How to get around Porto using tours that include transport
Depending on how adventurous you’re feeling, there’s bound to be a tour that suits you. This carefully selected range of Porto tours ranges from totally relaxed to slightly exhilarating.
Save your legs and see the city’s highlights on a Porto Segway Tour. They’re really quite fun once you get the hang of them.
If that sounds a bit unnerving but you still don’t want to do much walking, you could opt for a minivan tour like this one: Full Day Minibus Tour With Wine Tasting, Lunch and River Cruise, which also takes you out to the beach at Foz.
Porto Magic Train Tour and Port Wine Cellars allows you to visit the old port wine cellars of Real Companhia Velha.
This version of the train tour includes the 6 bridges Douro River cruise.
There are a couple of hop on, hop off tour bus services, either of which make it easy to get around the main sights.
Don’t expect the ride of your life – the cable car journey from the top of the Dom Luis bridge down to the end of the Vila Nova de Gaia waterfront is short but gives you a different perspective of the city.

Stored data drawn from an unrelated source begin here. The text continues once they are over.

lemma loc_const_of_vars:
  assumes g: "g \<in> polys n" and vars: "\<And>k. k \<in> poly_vars g \<Longrightarrow> loc_const n I p (poly_var k)"
  shows "loc_const n I p g"
proof -
  have "loc_const n I p (\<Sum>E\<in>Poly_Mapping.keys g. Poly_Mapping.single E (Poly_Mapping.lookup g E))"
  proof (rule loc_const_sum)
    fix E assume E: "E \<in> Poly_Mapping.keys g"
    have "Poly_Mapping.single E (Poly_Mapping.lookup g E) =
        const (Poly_Mapping.lookup g E) * Poly_Mapping.single E 1"
      by (simp add: const_def mult_single)
    moreover have "loc_const n I p (Poly_Mapping.single E 1)"
    proof (rule loc_const_monom)
      fix k assume "k \<in> Poly_Mapping.keys E"
      then show "loc_const n I p (poly_var k)"
        using E vars by (auto simp: poly_vars_def)
    qed
    ultimately show "loc_const n I p (Poly_Mapping.single E (Poly_Mapping.lookup g E))"
      using loc_const_mult[OF loc_const_const] by simp
  qed
  then show ?thesis
    by (subst poly_mapping_sum_single[of g])
qed

lemma loc_const_polys_iff_vars:
  "(\<forall>g\<in>polys n. loc_const n I p g) \<longleftrightarrow> (\<forall>i<n. loc_const n I p (poly_var i))"
proof
  assume "\<forall>i<n. loc_const n I p (poly_var i)"
  moreover have "k < n" if "g \<in> polys n" "k \<in> poly_vars g" for g :: "'a mpoly" and k
    using that by (auto simp: polys_def monoms_def poly_vars_def)
  ultimately show "\<forall>g\<in>polys n. loc_const n I p g"
    using loc_const_of_vars by blast
qed (auto intro: polys_single monoms_single)

end

section \<open>Coefficient ideals of the initial ideal\<close>

definition is_top_coeff ::
    "((nat \<Rightarrow>\<^sub>0 nat) \<Rightarrow> (nat \<Rightarrow>\<^sub>0 nat) \<Rightarrow> bool) \<Rightarrow> 'a::comm_ring_1 mpoly set \<Rightarrow> (nat \<Rightarrow>\<^sub>0 nat) \<Rightarrow> 'a \<Rightarrow> bool"
  where "is_top_coeff lt I E c \<longleftrightarrow>
    (\<exists>f\<in>I. Poly_Mapping.lookup f E = c \<and> (\<forall>F\<in>Poly_Mapping.keys f. F = E \<or> lt F E))"

(* Elements of in(I) are sums of multiples of initial terms, not initial terms themselves;
   this coefficientwise description is an ideal containing every in(f), hence all of in(I). *)
definition top_coeff_polys ::
    "nat \<Rightarrow> ((nat \<Rightarrow>\<^sub>0 nat) \<Rightarrow> (nat \<Rightarrow>\<^sub>0 nat) \<Rightarrow> bool) \<Rightarrow> 'a::comm_ring_1 mpoly set \<Rightarrow> 'a mpoly set"
  where "top_coeff_polys n lt I =
    {h \<in> polys n. \<forall>E\<in>monoms n. is_top_coeff lt I E (Poly_Mapping.lookup h E)}"

context
  fixes n :: nat and lt :: "(nat \<Rightarrow>\<^sub>0 nat) \<Rightarrow> (nat \<Rightarrow>\<^sub>0 nat) \<Rightarrow> bool"
    and I :: "'a::comm_ring_1 mpoly set"
  assumes mo: "monomial_order n lt" and I: "is_ideal_in (polys n) I"
begin

lemma is_top_coeff_zero: "is_top_coeff lt I E 0"
  unfolding is_top_coeff_def using is_ideal_in_zero[OF I] by (intro bexI[of _ 0]) auto

lemma is_top_coeff_add: "is_top_coeff lt I E c1 \<Longrightarrow> is_top_coeff lt I E c2 \<Longrightarrow> is_top_coeff lt I E (c1 + c2)"
  unfolding is_top_coeff_def
proof (elim bexE conjE)
  fix f1 f2
  assume "f1 \<in> I" "f2 \<in> I" "Poly_Mapping.lookup f1 E = c1" "Poly_Mapping.lookup f2 E = c2"
    "\<forall>F\<in>Poly_Mapping.keys f1. F = E \<or> lt F E" "\<forall>F\<in>Poly_Mapping.keys f2. F = E \<or> lt F E"
  then show "\<exists>f\<in>I. Poly_Mapping.lookup f E = c1 + c2 \<and> (\<forall>F\<in>Poly_Mapping.keys f. F = E \<or> lt F E)"
    using is_ideal_in_add[OF I] keys_add[of f1 f2] by (intro bexI[of _ "f1 + f2"]) (auto simp: lookup_add)
qed

lemma is_top_coeff_mult:
  assumes G: "G \<in> monoms n" and E: "E \<in> monoms n" and c: "is_top_coeff lt I E c"
  shows "is_top_coeff lt I (G + E) (a * c)"
proof -
  obtain f where f: "f \<in> I" "Poly_Mapping.lookup f E = c" "\<forall>F\<in>Poly_Mapping.keys f. F = E \<or> lt F E"
    using c unfolding is_top_coeff_def by blast
  have f_polys: "f \<in> polys n" using is_ideal_in_subset[OF I f(1)] .
  have "Poly_Mapping.single G a * f \<in> I"
    using is_ideal_in_mult[OF I polys_single[OF G] f(1)] .
  moreover have "Poly_Mapping.lookup (Poly_Mapping.single G a * f) (G + E) = a * c"
    using f(2) by (subst lookup_single_mult) auto
  moreover have "\<forall>F\<in>Poly_Mapping.keys (Poly_Mapping.single G a * f). F = G + E \<or> lt F (G + E)"
  proof
    fix F assume "F \<in> Poly_Mapping.keys (Poly_Mapping.single G a * f)"
    then obtain F0 where F0: "F0 \<in> Poly_Mapping.keys f" "F = G + F0"
      using keys_mult[of "Poly_Mapping.single G a" f] by (auto split: if_splits)
    have "F0 \<in> monoms n" using f_polys F0(1) by (auto simp: polys_def)
    then show "F = G + E \<or> lt F (G + E)"
      using f(3) F0 monomial_order_add_left_mono[OF mo E _ G, of F0] by (cases "F0 = E") auto
  qed
  ultimately show ?thesis unfolding is_top_coeff_def by blast
qed

lemma top_coeff_polys_single_mult:
  assumes G: "G \<in> monoms n" and h: "h \<in> top_coeff_polys n lt I"
  shows "Poly_Mapping.single G a * h \<in> top_coeff_polys n lt I"
proof -
  have "is_top_coeff lt I E (Poly_Mapping.lookup (Poly_Mapping.single G a * h) E)" if E: "E \<in> monoms n" for E
  proof (cases "\<exists>H. E = G + H")
    case True
    then obtain H where H: "E = G + H" by blast
    have H_monom: "H \<in> monoms n" using monoms_diff[OF E, of G] H by simp
    then have "is_top_coeff lt I H (Poly_Mapping.lookup h H)"
      using h by (simp add: top_coeff_polys_def)
    from is_top_coeff_mult[OF G H_monom this, of a] show ?thesis
      using H by (simp add: lookup_single_mult)
  next
    case False
    then show ?thesis using is_top_coeff_zero by (simp add: lookup_single_mult)
  qed
  moreover have "h \<in> polys n" using h by (simp add: top_coeff_polys_def)
  ultimately show ?thesis
    unfolding top_coeff_polys_def using polys_mult[OF polys_single[OF G]] by blast
qed

lemma top_coeff_polys_zero: "0 \<in> top_coeff_polys n lt I"
  unfolding top_coeff_polys_def using is_top_coeff_zero by (auto simp: polys_def)

lemma top_coeff_polys_add:
  "h1 \<in> top_coeff_polys n lt I \<Longrightarrow> h2 \<in> top_coeff_polys n lt I \<Longrightarrow> h1 + h2 \<in> top_coeff_polys n lt I"
  using is_top_coeff_add polys_add unfolding top_coeff_polys_def by (auto simp: lookup_add)

lemma top_coeff_polys_sum:
  "(\<And>k. k \<in> K \<Longrightarrow> g k \<in> top_coeff_polys n lt I) \<Longrightarrow> sum g K \<in> top_coeff_polys n lt I"
  by (induction K rule: infinite_finite_induct) (auto intro: top_coeff_polys_zero top_coeff_polys_add)
lemma duel_losers_prob_discard:
  assumes "distinct xs" and "\<forall>j\<in>set xs. 0 \<le> mu j \<and> mu j \<le> 1" and "0 < L" and "0 < d"
    and "\<forall>j\<in>set xs. j \<noteq> a \<longrightarrow> d \<le> mu a - mu j"
  shows "measure_pmf.prob (duel_losers mu L tb xs) {D. a \<in> D} \<le> 2 * exp (- (real L * d\<^sup>2 / 2))"
  using assms
proof (induction xs rule: induct_list012)
  case (3 x y rest)
  define duel where "duel = pair_pmf (binomial_pmf L (mu x)) (binomial_pmf L (mu y))"
  have "measure_pmf.prob (duel_losers mu L tb (x # y # rest)) {D. a \<in> D}
      = measure_pmf.prob (pair_pmf duel (duel_losers mu L tb rest))
          {z. fst z \<in> {(X, Y). duel_loser L tb x y X Y = a} \<or> snd z \<in> {D. a \<in> D}}"
    unfolding duel_losers_Cons_Cons duel_def measure_map_pmf
    by (intro arg_cong[where f = "measure_pmf.prob _"]) auto
  also have "\<dots> \<le> measure_pmf.prob duel {(X, Y). duel_loser L tb x y X Y = a}
      + measure_pmf.prob (duel_losers mu L tb rest) {D. a \<in> D}"
    by (rule measure_pair_pmf_fst_or_snd_le)
  also have "\<dots> \<le> 2 * exp (- (real L * d\<^sup>2 / 2))"
  proof (cases "a = x \<or> a = y")
    case True
    then have "a \<notin> set rest" using "3.prems"(1) by auto
    then have "measure_pmf.prob (duel_losers mu L tb rest) {D. a \<in> D} = 0"
      using duel_losers_support(1)[of _ mu L tb rest] by (subst measure_pmf_zero_iff) blast
    moreover have "measure_pmf.prob duel {(X, Y). duel_loser L tb x y X Y = a}
        \<le> 2 * exp (- (real L * d\<^sup>2 / 2))"
    proof (cases "a = x")
      case True
      have "measure_pmf.prob duel {(X, Y). duel_loser L tb x y X Y = a}
          \<le> measure_pmf.prob duel {z. real (fst z) / real L \<le> real (snd z) / real L}"
        using True "3.prems"(1)
        by (intro measure_pmf.finite_measure_mono) (auto dest: duel_loser_eq_first)
      also have "\<dots> \<le> 2 * exp (- (real L * d\<^sup>2 / 2))"
        unfolding duel_def using True "3.prems" by (intro prob_binomial_fst_le_snd) auto
      finally show ?thesis .
    next
      case False
      with \<open>a = x \<or> a = y\<close> have "a = y" by simp
      have "measure_pmf.prob duel {(X, Y). duel_loser L tb x y X Y = a}
          \<le> measure_pmf.prob duel {z. real (snd z) / real L \<le> real (fst z) / real L}"
        using \<open>a = y\<close> "3.prems"(1)
        by (intro measure_pmf.finite_measure_mono) (auto dest: duel_loser_eq_second)
      also have "\<dots> \<le> 2 * exp (- (real L * d\<^sup>2 / 2))"
        unfolding duel_def using \<open>a = y\<close> "3.prems" by (intro prob_binomial_snd_le_fst) auto
      finally show ?thesis .
    qed
    ultimately show ?thesis by simp
  next
    case False
    then have "{(X, Y). duel_loser L tb x y X Y = a} = {}" by (auto simp: duel_loser_def)
    moreover have "measure_pmf.prob (duel_losers mu L tb rest) {D. a \<in> D}
        \<le> 2 * exp (- (real L * d\<^sup>2 / 2))"
      using "3.IH"(1) "3.prems" by simp
    ultimately show ?thesis by simp
  qed
  finally show ?case .
qed auto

How to get around Porto by public transport
If you are staying in the very heart of Porto’s historical district and intend to focus on nearby sights, you may not need to use public transport so read this and think about what you want to see and do before buying any travel cards.
The metro system is clean, efficient and safe and is the easiest way to get from the airport to the city centre. Unfortunately, it isn’t much use in the hilly historical centre or for getting to Foz. Trams and buses are better for these.
Find maps and timetables for Porto’s Metro system on the website.
Use the Andante card or Porto Card (see below) to pay for metro journeys.
The Andante cards also work on the city’s bus service, which, along with the metro, is integrated with Google Maps so if you have internet, you can easily find out the best way to get around Porto by public transport. There’s free wifi onboard, too.
You can pay the driver if you haven’t managed to get an Andante card sorted out. It costs a bit more but for one or two trips, it could be worth it to save you the hassle of getting a card.
Paying for trips using the Andante card
The integrated payment system for Porto public transport is called Andante. You buy a card from a machine or ticket office which you then credit with journeys. To be honest, the system gets rather confusing because of the different zones in the Greater Porto area and the fact that you can’t change the zone until your card is ’empty’ of trips.
So if you’re taking the metro from the airport into the city centre (an easy 30 minute journey), just buy one ticket for that journey. Once you’ve used that, if you want to use the same card for city centre journeys, it is available for use in different zones.
If you think you’ll be using the public transport system a lot, it may be easier to get either a 1 day or 3 day Andante Tour card or a Porto Card that gives you discounts on attractions as well as unlimited public transport.
Just don’t forget to validate your card by swiping it on the sensor before you travel.
Porto trams and funiculars
For the network of trams in Porto, you can pay on board (€3 per journey) or, if you are going to be using the trams a lot over 1 or 2 days, buy a 2-day tram ticket (€10) on board or from hotels, tourist kiosks or travel agencies. Find out more about tram tours of Porto.
Save your legs by taking the Guindais funicular uphill from the Ribeira river front to the city centre. It leaves from the base of the Dom Luis bridge and takes you to Batalha. The funicular is not part of the Andante system so check the metro website for funicular prices and timetable. Last time I used it the fare was €2.50 one way.
Porto by bike
Perhaps you have far more energy than me and are not phased by a little exercise. If the idea of exploring on two wheels appeals, there are a range of Porto bike tours to suit your availability and need for adventure.
If you’re quite confident about hiring a bike and doing your own thing, check out these bike rental options.
Driving in Porto
I really wouldn’t recommend driving in the city centre unless you’ve got GPS and don’t get phased by driving in strange cities. The number of one way streets and lack of helpful road signs make it quite stressful, I find.
Luckily, there are so many more entertaining options that you’re unlikely to need a car. If you do, there are plenty of taxis around if you need one and they don’t cost much. Uber works here too.